The Story
Why it exists.
The beginning
Jarekhye Covarrubias designed Espresso Roast as an ode to something most people encounter every day but rarely pause to appreciate: the sensory weight of a really good espresso. The goal was to make something that smells like the real thing, not a candle version of coffee but the actual dark liquid, rich and inviting and demanding your attention. Ganache Parfums approached this composition as a study in restraint and accuracy, building the fragrance around the core experience of that first sip, the moment when the aroma rises before anything else. Espresso Roast captures the way roasted beans carry both bitterness and an unexpected sweetness, how the steam carries warmth, how the whole experience feels like a small but complete sensory event.

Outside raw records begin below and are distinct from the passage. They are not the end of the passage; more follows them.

lemma finite_XX: "finite (XX m)"
proof -
  have "XX m = hd ` {Q\<in>eo_arrs m. length Q = 1}"
    using singleton_eo_arrs_iff by (auto simp: length_Suc_conv intro!: image_eqI[where x = "[_]"])
  then show ?thesis using finite_eo_arrs by simp
qed

lemma path_sum_height_0:
  "path_sum (monom 1 1) (if prim then 1 else [:1, 1:]) n 0
     = (\<Sum>xs\<in>XX (2 * n). if prim \<longrightarrow> primary xs then monom 1 (des xs) else 0 :: int poly)"
proof -
  let ?\<delta> = "\<lambda>h. if h = 0 then 1 else 0 :: int poly"
  have "path_sum (monom 1 1) (if prim then 1 else [:1, 1:]) n 0 = (\<Sum>Q\<in>eo_arrs (2 * n). arr_weight prim ?\<delta> Q)"
    unfolding sum_arr_weight by (simp add: if_distrib[of "\<lambda>x. _ * x"] cong: if_cong)
  also have "\<dots> = (\<Sum>Q\<in>{Q\<in>eo_arrs (2 * n). length Q = 1}. arr_weight prim ?\<delta> Q)"
    using finite_eo_arrs[of "2 * n"]
    by (intro sum.mono_neutral_right) (auto simp: arr_weight_def eo_arrs_def eo_arr_def le_Suc_eq)
  also have "{Q\<in>eo_arrs (2 * n). length Q = 1} = (\<lambda>xs. [xs]) ` XX (2 * n)"
    using singleton_eo_arrs_iff by (auto simp: length_Suc_conv)
  also have "(\<Sum>Q\<in>(\<lambda>xs. [xs]) ` XX (2 * n). arr_weight prim ?\<delta> Q)
      = (\<Sum>xs\<in>XX (2 * n). if prim \<longrightarrow> primary xs then monom 1 (des xs) else 0)"
    by (subst sum.reindex)
      (auto simp: inj_on_def arr_weight_def des_arr_def des_eq_ndes primary_arr_singleton_iff intro!: sum.cong)
  finally show ?thesis .
qed

lemma Xpoly_eq_path_sum: "Xpoly n = path_sum (monom 1 1) [:1, 1:] n 0"
  using path_sum_height_0[of False n] by (simp add: Xpoly_def)

lemma coeff_path_sum_monom: "coeff (path_sum (monom 1 1) 1 n 0 :: int poly) j = int (path_count n 0 j)"
proof -
  have "coeff (path_sum (monom 1 1) 1 n 0 :: int poly) j = (\<Sum>d\<le>n. if d = j then int (path_count n 0 d) else 0)"
    unfolding path_sum_def coeff_sum by (intro sum.cong) (auto simp: of_nat_poly monom_power coeff_monom)
  also have "\<dots> = int (path_count n 0 j)"
    using path_count_eq_0[of n 0 j] by (subst sum.delta) auto
  finally show ?thesis .
qed

lemma gamma_eq_path_count: "gamma n j = path_count n 0 j"
proof -
  have "int (path_count n 0 j) = (\<Sum>xs\<in>XX (2 * n). if primary xs \<and> des xs = j then 1 else 0)"
    using path_sum_height_0[of True n]
    by (simp add: coeff_path_sum_monom[symmetric] coeff_sum coeff_monom if_distrib[of "\<lambda>p. coeff p j"])
      (auto intro: sum.cong)
  also have "\<dots> = int (gamma n j)"
    using finite_XX by (simp add: sum.If_cases gamma_def Int_def)
  finally show ?thesis by simp
qed

subsection \<open>The continued fraction\<close>

text \<open>path_weight t b k g is the weight of the Motzkin paths of length k from height g down to
  height b that never go below b, with the weights of path_count and an extra factor t per up step.\<close>

fun path_weight :: "real \<Rightarrow> nat \<Rightarrow> nat \<Rightarrow> nat \<Rightarrow> real" where
  "path_weight t b 0 g = (if g = b then 1 else 0)"
| "path_weight t b (Suc k) g = (if g < b then 0 else
     real ((g + 1)^2) * path_weight t b k g + (if b < g then real (g * (g + 1)) * path_weight t b k (g - 1) else 0)
     + real ((g + 1) * (g + 2)) * t * path_weight t b k (g + 1))"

Espresso Roast passes the test of whether a coffee fragrance can smell edible. Coffee as a note in perfumery runs the risk of reading as a faint coffee-lite accord, something closer to flavored creamer, or it can go bold and lean into the actual bitterness and warmth of the bean. Here, it goes bold. But the surprise isn't just the opening. It's the way the sugar and amber don't just flank the coffee, they build. The drydown is sweeter than the top, which suggests something that understands how scent behaves on skin.
The evolution
The opening hits like the first sip, roasted beans and a whisper of bitterness, the slight char of the roast. Sugar arrives as a counterweight, the way real espresso can taste almost sweet before you add anything. Amber moves in to warm the composition and slow the fade, creating a foundation that supports the coffee rather than competing with it. The drydown is where Espresso Roast earns its name, the coffee-amber base clinging and sweetening as the top notes recede. Throughout the wear, the fragrance maintains a closeness to the skin, projecting softly while remaining present. The sweetness and the coffee intertwine, with the amber providing warmth that makes the whole experience feel grounded and inviting. As the top notes settle, the composition reveals itself as something cohesive, where each element reinforces the others rather than fighting for attention.
Cultural impact
Espresso Roast offers a coffee-forward gourmand that resists the temptation to go sweet and creamy, holding a distinctive position in a space where many coffee fragrances lean toward dessert-like interpretations. The composition appeals to wearers who appreciate authenticity in their gourmand scents, who want the genuine character of coffee rather than a softened version. This fragrance doesn't apologize for its boldness or try to make coffee palatable to skeptics.